Даже трудно понять, как работает отображение на основе исходного кода их модульных тестов .
На их рисунке из бумаги: A - красный, C - зеленый, G - синий, а T - желтый (G + R), но все еще неясно, как они строят 3xNxN
изображение.
ИЗМЕНИТЬ из блога Google :
В этой статье мы покажем шесть каналов подряд, но в DeepVariant они закодированы как шесть слоев в третьем измерении, давая каждому тензору форму (100, 221, 6), соответствующую (высоте, ширине, каналам). Рассматриваемый вариант всегда находится в центре каждого изображения pileup, здесь он отмечен небольшой линией вверху.
Каналы показаны ниже в градациях серого в следующем порядке:
Считайте базу: разная интенсивность представляет A, C, G и T.
Базовое качество: устанавливается секвенсором. Белый - более высокого качества.
Качество картографии: устанавливается элайнером. Белый - более высокого качества.
Направление расклада: черные идут вперед; белый наоборот.
Чтение поддерживает вариант: белый цвет означает, что чтение поддерживает данный альтернативный аллель, серый означает, что нет.
База отличается от эталона: белый цвет означает, что база отличается от эталона, темно-серый означает, что база соответствует эталону.

Ответы
На самом деле газета прояснила, как они это сделали.
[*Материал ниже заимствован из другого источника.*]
lemma above_tangent_nonneg:
  fixes C c :: "real \<Rightarrow> real"
  assumes convex: "convex_on {0..} C"
    and deriv: "\<And>x. 0 \<le> x \<Longrightarrow> (C has_real_derivative c x) (at x within {0..})"
    and cont: "continuous_on {0..} c"
    and "0 \<le> a" "0 \<le> b"
  shows "c a * (b - a) \<le> C b - C a"
proof -
  have interior: "c e * (b - e) \<le> C b - C e" if "0 < e" for e
    using convex_on_imp_above_tangent[OF convex _ _ _ deriv, of e b] that \<open>0 \<le> b\<close>
    by (simp add: convex_connected)
  show ?thesis
  proof (cases "0 < a \<or> b = 0")
    case True
    with interior \<open>0 \<le> a\<close> show ?thesis
      by (cases "a = 0") auto
  next
    case False
    then have "a = 0" "0 < b" using \<open>0 \<le> a\<close> \<open>0 \<le> b\<close> by auto
    have within: "at_right (0::real) \<le> at 0 within {0..}"
      by (rule at_le) auto
    have "continuous (at 0 within {0..}) c" "continuous (at 0 within {0..}) C"
      using cont deriv[of 0] by (auto simp: continuous_on_eq_continuous_within intro: DERIV_continuous)
    then have c0: "(c \<longlongrightarrow> c 0) (at_right 0)" and C0: "(C \<longlongrightarrow> C 0) (at_right 0)"
      using within by (auto simp: continuous_within intro: tendsto_mono)
    have "((\<lambda>e. c e * (b - e)) \<longlongrightarrow> c 0 * (b - 0)) (at_right 0)"
      by (rule tendsto_mult[OF c0 tendsto_diff[OF tendsto_const tendsto_ident_at]])
    moreover have "((\<lambda>e. C b - C e) \<longlongrightarrow> C b - C 0) (at_right 0)"
      by (rule tendsto_diff[OF tendsto_const C0])
    moreover have "eventually (\<lambda>e. c e * (b - e) \<le> C b - C e) (at_right 0)"
      using eventually_at_right_real[OF \<open>0 < b\<close>] by eventually_elim (auto intro: interior)
    ultimately show ?thesis
      using \<open>a = 0\<close> by (intro tendsto_le[of "at_right 0"]) auto
  qed
qed
lemma continuous_on_inverse_el:
  "continuous_on {x::'a::{real_normed_algebra_1,banach}. invertible_el x} inverse_el"
  unfolding continuous_on_def
proof (intro ballI)
  fix x :: 'a
  assume "x \<in> {x. invertible_el x}"
  then have inv: "invertible_el x" by simp
  define F where "F = at x within {x::'a. invertible_el x}"
  define c where "c = 2 * norm (inverse_el x) ^ 2"
  have dist_0: "((\<lambda>y. norm (y - x)) \<longlongrightarrow> 0) F"
    unfolding F_def by (intro tendsto_norm_zero LIM_zero tendsto_ident_at)
  have "eventually (\<lambda>y. norm (y - x) * norm (inverse_el x) < 1/2) F"
    using order_tendstoD(2)[OF tendsto_mult_left_zero[OF dist_0, of "norm (inverse_el x)"], of "1/2"]
    by simp
  then have "eventually (\<lambda>y. norm (inverse_el y - inverse_el x) \<le> c * norm (y - x)) F"
  proof eventually_elim
    case (elim y)
    then show ?case using norm_inverse_el_add_diff_le[OF inv, of "y - x"] by (simp add: c_def)
  qed
  from Lim_null_comparison[OF this tendsto_mult_right_zero[OF dist_0]]
  show "(inverse_el \<longlongrightarrow> inverse_el x) F"
    by (rule LIM_zero_cancel)
qed

lemma cis_power_eq_1_iff:
  assumes "N > 0"
  shows "cis (2 * pi / real N) ^ k = 1 \<longleftrightarrow> N dvd k"
proof -
  have "cis (2 * pi / real N) ^ k = exp (2 * complex_of_real pi * \<i> * of_nat k / of_nat N)"
    by (simp add: cis_conv_exp field_simps flip: exp_of_nat_mult)
  then show ?thesis
    using complex_root_unity_eq_1[of N k] assms by simp
qed

lemma sum_powers_root_of_unity:
  assumes "N > 0"
  shows "(\<Sum>j<N. (cis (2 * pi / real N) ^ k) ^ j) = (if N dvd k then of_nat N else 0)"
proof -
  define z where "z = cis (2 * pi / real N) ^ k"
  have "z ^ N = 1"
    using cis_power_eq_1_iff[OF assms, of "k * N"] by (simp add: z_def power_mult)
  moreover have "z = 1 \<longleftrightarrow> N dvd k"
    unfolding z_def by (rule cis_power_eq_1_iff[OF assms])
  ultimately show ?thesis
    using geometric_sum[of z N] by (cases "N dvd k") (simp_all flip: z_def)
qed

lemma dvd_Suc_add_iff:
  fixes N m m' :: nat
  assumes "m < N" and "m' < N"
  shows "N dvd Suc (m + m') \<longleftrightarrow> m + m' = N - 1"
proof
  assume "N dvd Suc (m + m')"
  then obtain q where q: "Suc (m + m') = N * q" by (rule dvdE)
  moreover have "q \<noteq> 0" using q by (cases q) auto
  moreover have "N * q < N * 2" using q assms by linarith
  ultimately have "q = 1" by simp
  with q show "m + m' = N - 1" by simp
qed (use assms in auto)

lemma power_lt_1_if_quadratic_bound:
  fixes r \<beta> C :: real
  assumes "N > 0" and "r > 0" and "\<beta> \<ge> 0" and "4 * C < real N"
    and bound: "\<And>s. 0 \<le> s \<Longrightarrow> s \<le> r \<Longrightarrow> real N * (s ^ N * \<beta>) \<le> C * (1 + s ^ N * \<beta>)\<^sup>2"
  shows "r ^ N * \<beta> < 1"
proof (rule ccontr)
  assume "\<not> r ^ N * \<beta> < 1"
  then have \<beta>: "\<beta> > 0" and big: "1 \<le> r ^ N * \<beta>"
    using assms(3) by (auto simp: less_le)
  define s where "s = root N (1 / \<beta>)"
  have s_N: "s ^ N * \<beta> = 1"
    unfolding s_def using assms(1) \<beta> by (simp add: real_root_pow_pos2)
  have "\<beta> * s ^ N \<le> \<beta> * r ^ N"
    using s_N big by (simp add: mult.commute)
  then have "s ^ N \<le> r ^ N"
    using \<beta> by (simp add: mult_le_cancel_left_pos)
  then have "s \<le> r"
    using power_mono_iff[of s r N] assms(1,2) \<beta> by (simp add: s_def)
  moreover have "0 \<le> s"
    unfolding s_def using \<beta> by (simp add: real_root_ge_zero)
  ultimately have "real N \<le> C * 4"
    using bound[of s] s_N by simp
  with assms(4) show False by simp
qed

lemma halving_approximation_error:
  fixes g x :: "nat \<Rightarrow> 'b::real_normed_vector"
  assumes g: "\<And>k. norm (g k - h) \<le> (1/4) ^ k" and x0: "x 0 = g 0"
    and halving: "\<And>M. norm (g (Suc M) - x (Suc M)) \<le> norm (g (Suc M) - x M) / 2"
  shows "norm (x M - h) \<le> 3 * (3/4) ^ M"
proof (induction M)
  case 0
  show ?case using g[of 0] x0 by simp
next
  case (Suc M)
  have "norm (x (Suc M) - h) \<le> norm (g (Suc M) - h) + norm (g (Suc M) - x (Suc M))"
    using norm_triangle_ineq4[of "g (Suc M) - h" "g (Suc M) - x (Suc M)"] by simp
  moreover have "norm (g (Suc M) - x M) \<le> norm (g (Suc M) - h) + norm (x M - h)"
    using norm_triangle_ineq4[of "g (Suc M) - h" "x M - h"] by simp
  ultimately have "norm (x (Suc M) - h) \<le> (1/4) ^ Suc M + (norm (g (Suc M) - h) + norm (x M - h)) / 2"
    using g[of "Suc M"] halving[of M] by argo
  also have "\<dots> \<le> (3/2) * (1/4) ^ Suc M + (3/2) * (3/4) ^ M"
    using g[of "Suc M"] Suc.IH by argo
  also have "\<dots> \<le> 3 * (3/4) ^ Suc M"
    using power_mono[of "1/4" "3/4::real" M] zero_le_power[of "3/4::real" M]
    unfolding power_Suc by linarith
  finally show ?case .
qed

lemma halving_approximation:
  fixes g x :: "nat \<Rightarrow> 'b::real_normed_vector"
  assumes g: "\<And>k. norm (g k - h) \<le> (1/4) ^ k" and "x 0 = g 0"
    and "\<And>M. norm (g (Suc M) - x (Suc M)) \<le> norm (g (Suc M) - x M) / 2"
  shows "x \<longlonglongrightarrow> h" and "norm (g (Suc M) - x M) \<le> 4 * (3/4) ^ M"
proof -
  note error = halving_approximation_error[where g = g and x = x, OF assms]
  have "eventually (\<lambda>M. norm (x M - h) \<le> 3 * (3/4) ^ M) sequentially"
    by (intro always_eventually allI error)
  moreover have "(\<lambda>M. 3 * (3/4::real) ^ M) \<longlonglongrightarrow> 0"
    by (rule tendsto_mult_right_zero[OF LIMSEQ_power_zero]) simp
  ultimately show "x \<longlonglongrightarrow> h"
    by (rule LIM_zero_cancel[OF Lim_null_comparison])
  have "norm (g (Suc M) - x M) \<le> norm (g (Suc M) - h) + norm (x M - h)"
    using norm_triangle_ineq4[of "g (Suc M) - h" "x M - h"] by simp
  also have "\<dots> \<le> (3/4) ^ M + 3 * (3/4) ^ M"
    using g[of "Suc M"] error[of M] power_mono[of "1/4" "3/4::real" M] zero_le_power[of "1/4::real" M]
    by (simp only: power_Suc) linarith
  finally show "norm (g (Suc M) - x M) \<le> 4 * (3/4) ^ M" by simp
qed

section \<open>Scalars and involution in a C*-algebra\<close>

locale cstar =
  fixes sc :: "complex \<Rightarrow> 'a::{real_normed_algebra_1,banach} \<Rightarrow> 'a" and st :: "'a \<Rightarrow> 'a"
  assumes cstar_algebra: "cstar_algebra sc st"
begin

lemma sc_add_left: "sc (a + b) x = sc a x + sc b x"
  and sc_sc: "sc a (sc b x) = sc (a * b) x"
  and sc_of_real: "sc (complex_of_real r) x = r *\<^sub>R x"
  and norm_sc: "norm (sc a x) = cmod a * norm x"
  and sc_mult_left: "sc a x * y = sc a (x * y)"
  and sc_mult_right: "x * sc a y = sc a (x * y)"
  and st_st [simp]: "st (st x) = x"
  and st_add: "st (x + y) = st x + st y"
  and st_sc: "st (sc a x) = sc (cnj a) (st x)"
  and st_mult: "st (x * y) = st y * st x"
  and norm_st_mult_self: "norm (st x * x) = (norm x)\<^sup>2"
  using cstar_algebra unfolding cstar_algebra_def by auto

definition of_complex :: "complex \<Rightarrow> 'a" where
  "of_complex c = sc c 1"

lemma sc_eq_of_complex_mult: "sc c x = of_complex c * x"
  unfolding of_complex_def using sc_mult_left[of c 1 x] by simp

lemma of_complex_commute: "of_complex c * x = x * of_complex c"
  unfolding of_complex_def using sc_mult_right[of x c 1] sc_mult_left[of c 1 x] by simp

lemma of_complex_mult: "of_complex (a * b) = of_complex a * of_complex b"
  unfolding of_complex_def using sc_sc[of a b 1] sc_mult_left[of a 1 "sc b 1"] by simp

lemma of_complex_add: "of_complex (a + b) = of_complex a + of_complex b"
  unfolding of_complex_def by (rule sc_add_left)

lemma of_complex_of_real [simp]: "of_complex (complex_of_real r) = of_real r"
  unfolding of_complex_def using sc_of_real[of r 1] by (simp add: of_real_def)

lemma of_complex_of_nat [simp]: "of_complex (of_nat n) = of_nat n"
  using of_complex_of_real[of "real n"] by simp

lemma of_complex_0 [simp]: "of_complex 0 = 0"
  and of_complex_1 [simp]: "of_complex 1 = 1"
  using of_complex_of_real[of 0] of_complex_of_real[of 1] by simp_all

lemma of_complex_minus: "of_complex (- a) = - of_complex a"
  using add.inverse_unique[of "of_complex a" "of_complex (- a)"] of_complex_add[of a "- a"] by simp

lemma of_complex_diff: "of_complex (a - b) = of_complex a - of_complex b"
  using of_complex_add[of a "- b"] by (simp add: of_complex_minus)

lemma of_complex_sum: "of_complex (sum f A) = (\<Sum>i\<in>A. of_complex (f i))"
  by (induction A rule: infinite_finite_induct) (simp_all add: of_complex_add)

lemma norm_of_complex_mult: "norm (of_complex c * x) = cmod c * norm x"
  using norm_sc[of c x] by (simp add: sc_eq_of_complex_mult)

lemma norm_of_complex [simp]: "norm (of_complex c) = cmod c"
  using norm_of_complex_mult[of c 1] by simp

lemma norm_of_nat_mult:
  fixes x :: 'a
  shows "norm (of_nat n * x) = real n * norm x"
proof -
  have "of_nat n * x = of_real (real n) * x" by simp
  also have "\<dots> = real n *\<^sub>R x" by (rule scaleR_conv_of_real[symmetric])
  finally show ?thesis by simp
qed

lemma of_complex_left_commute: "x * (of_complex c * y) = of_complex c * (x * y)"
  by (metis mult.assoc of_complex_commute)

lemma of_complex_mult_power: "(of_complex c * x) ^ n = of_complex (c ^ n) * x ^ n"
proof (induction n)
  case (Suc n)
  have "(of_complex c * x) ^ Suc n = of_complex c * (of_complex (c ^ n) * (x * x ^ n))"
    by (simp add: Suc mult.assoc of_complex_left_commute[of x])
  then show ?case
    by (simp add: of_complex_mult mult.assoc)
qed simp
Достаточно внимательно ознакомиться с дополнительными материалами.
На их рисунках из бумаги: A - красный, C - зеленый, G - синий, а T - желтый (G + R), но до сих пор неясно, как они образуют 3xNxN.
В RGB каждое измерение представляет собой изображение размером NxN. Поскольку у вас три измерения, значит, это 3xNxN. Красное измерение использовали для кодирования нуклеотидных оснований. Зеленое измерение использовалось для кодирования показателей качества. Наконец, синий размер использовался для кодирования информации о пряди.
Очевидно, ДНК - это строка в алфавите с символами: {A, T, C, G}.
Это легко. Много способов. Вы можете выполнить однократное кодирование или то, что использовал DeepVariant:
def get_base_color(base):
base_to_color = {'A': 250, 'G': 180, 'T': 100, 'C': 30}
return base_to_color.get(base, 0)
Основываясь на дополнительном материале, упомянутом в комментарии Девона Райана:
Вторая фаза DeepVariant кодирует ссылку и поддержку чтения для каждого варианта-кандидата в изображение RGB. Псевдокод для этого компонента показан ниже; он содержит все ключевые операции для построения изображения, исключая для ясности обработку ошибок, код для работы с крайними случаями, например, когда варианты возникают близко к началу или концу хромосомы, и реализацию несущественных и / или очевидных функции.
Вот основная функция
WIDTH = 221
HEIGHT = 100;
def create_pileup_images(candidate_variants):
for candidate in candidate_variants:
for biallelic_variant in split_into_biallelics(candidate):
start = biallelic_variant.start - (WIDTH-1) / 2
end = WIDTH - span_start
ref_bases = reference.get_bases(start, end)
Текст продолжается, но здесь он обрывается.